▶ **RECORDS SUPPLIED**:
section \<open>Length equals the number of inversions\<close>

lemma inversions_refl_prod_exchange:
  assumes "set xs \<subseteq> \<Delta>" "g \<in> inversions (refl_prod xs)"
  shows "\<exists>ys. set ys \<subseteq> \<Delta> \<and> length ys < length xs \<and> refl g \<circ> refl_prod xs = refl_prod ys"
  using assms
proof (induction xs arbitrary: g)
  case Nil
  then show ?case
    using inversions_id by (simp add: id_def)
next
  case (Cons x xs)
  have x: "x \<in> \<Delta>" and xs: "set xs \<subseteq> \<Delta>"
    using Cons.prems(1) by auto
  have xP: "x \<in> \<Phi>"
    using x simple_subset_roots by auto
  have xx: "\<And>v. refl x (refl x v) = v"
    using refl_refl[OF inner_root_self_nonzero[OF xP]] .
  have "g \<in> inversions (refl x \<circ> refl_prod xs)"
    using Cons.prems(2) by (simp only: refl_prod_Cons)
  then have g: "g \<in> Pos" "refl x g \<in> refl_prod xs ` Neg"
    using inversions_refl_comp_iff[OF xP] by blast+
  show ?case
  proof (cases "g = x")
    case True
    then have "refl g \<circ> refl_prod (x # xs) = refl_prod xs"
      using xx by (simp add: fun_eq_iff)
    then show ?thesis
      using xs by (metis length_Cons lessI)
  next
    case False
    then have "refl x g \<in> inversions (refl_prod xs)"
      using simple_refl_pos_roots[OF x g(1)] g(2) by (simp add: inversions_def)
    then obtain ys where ys: "set ys \<subseteq> \<Delta>" "length ys < length xs"
      "refl (refl x g) \<circ> refl_prod xs = refl_prod ys"
      using Cons.IH[OF xs] by blast
    have "refl g = refl x \<circ> refl (refl x g) \<circ> refl x"
      using refl_refl_eq_conj[OF inner_root_self_nonzero[OF xP], of "refl x g"] xx by simp
    then have "refl g \<circ> refl_prod (x # xs) = refl x \<circ> (refl (refl x g) \<circ> refl_prod xs)"
      using xx by (simp add: fun_eq_iff)
    then have "refl g \<circ> refl_prod (x # xs) = refl_prod (x # ys)"
      using ys(3) by simp
    moreover have "set (x # ys) \<subseteq> \<Delta>" "length (x # ys) < length (x # xs)"
      using x ys by auto
    ultimately show ?thesis
      by blast
  qed
qed

lemma inversions_simple_refl_comp:
  assumes w: "w \<in> weyl_group \<Phi>" and d: "d \<in> \<Delta>" and d_notin: "d \<notin> inversions w"
  shows "inversions (refl d \<circ> w) = insert d (refl d ` inversions w)"
proof -
  have dP: "d \<in> \<Phi>"
    using d simple_subset_roots by auto
  have dd: "\<And>v. refl d (refl d v) = v"
    using refl_refl[OF inner_root_self_nonzero[OF dP]] .
  have "d \<notin> w ` Neg"
    using d_notin simple_in_pos_roots[OF d] by (simp add: inversions_def)
  then have d_in: "d \<in> inversions (refl d \<circ> w)"
    using inversions_refl_comp_iff[OF dP] refl_self[OF inner_root_self_nonzero[OF dP]]
      weyl_uminus_mem_image_neg_iff[OF w dP] simple_in_pos_roots[OF d] by simp
  have other: "g \<in> inversions (refl d \<circ> w) \<longleftrightarrow> g \<in> refl d ` inversions w" if "g \<noteq> d" for g
  proof
    assume "g \<in> inversions (refl d \<circ> w)"
    then have "refl d g \<in> inversions w"
      using inversions_refl_comp_iff[OF dP] simple_refl_pos_roots[OF d _ that]
      by (simp add: inversions_def)
    then show "g \<in> refl d ` inversions w"
      using dd by (metis image_eqI)
  next
    assume "g \<in> refl d ` inversions w"
    then have g: "refl d g \<in> inversions w"
      using dd by auto
    then have "refl d g \<noteq> d"
      using d_notin by auto
    then have "g \<in> Pos"
      using simple_refl_pos_roots[OF d, of "refl d g"] g dd by (simp add: inversions_def)
    moreover have "refl d g \<in> w ` Neg"
      using g by (simp add: inversions_def)
    ultimately show "g \<in> inversions (refl d \<circ> w)"
      using inversions_refl_comp_iff[OF dP] by blast
  qed
  show ?thesis
  proof (rule set_eqI)
    fix g
    show "g \<in> inversions (refl d \<circ> w) \<longleftrightarrow> g \<in> insert d (refl d ` inversions w)"
      using d_in other[of g] by (cases "g = d") simp_all
  qed
qed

▶ **PROBLEM TO SOLVE**: Write down exactly the span of lines above from the one containing "using assms" to the one containing "then obtain ys", both ends included.

▶ **OUTPUT OF THE TASK**:
  using assms
proof (induction xs arbitrary: g)
  case Nil
  then show ?case
    using inversions_id by (simp add: id_def)
next
  case (Cons x xs)
  have x: "x \<in> \<Delta>" and xs: "set xs \<subseteq> \<Delta>"
    using Cons.prems(1) by auto
  have xP: "x \<in> \<Phi>"
    using x simple_subset_roots by auto
  have xx: "\<And>v. refl x (refl x v) = v"
    using refl_refl[OF inner_root_self_nonzero[OF xP]] .
  have "g \<in> inversions (refl x \<circ> refl_prod xs)"
    using Cons.prems(2) by (simp only: refl_prod_Cons)
  then have g: "g \<in> Pos" "refl x g \<in> refl_prod xs ` Neg"
    using inversions_refl_comp_iff[OF xP] by blast+
  show ?case
  proof (cases "g = x")
    case True
    then have "refl g \<circ> refl_prod (x # xs) = refl_prod xs"
      using xx by (simp add: fun_eq_iff)
    then show ?thesis
      using xs by (metis length_Cons lessI)
  next
    case False
    then have "refl x g \<in> inversions (refl_prod xs)"
      using simple_refl_pos_roots[OF x g(1)] g(2) by (simp add: inversions_def)
    then obtain ys where ys: "set ys \<subseteq> \<Delta>" "length ys < length xs"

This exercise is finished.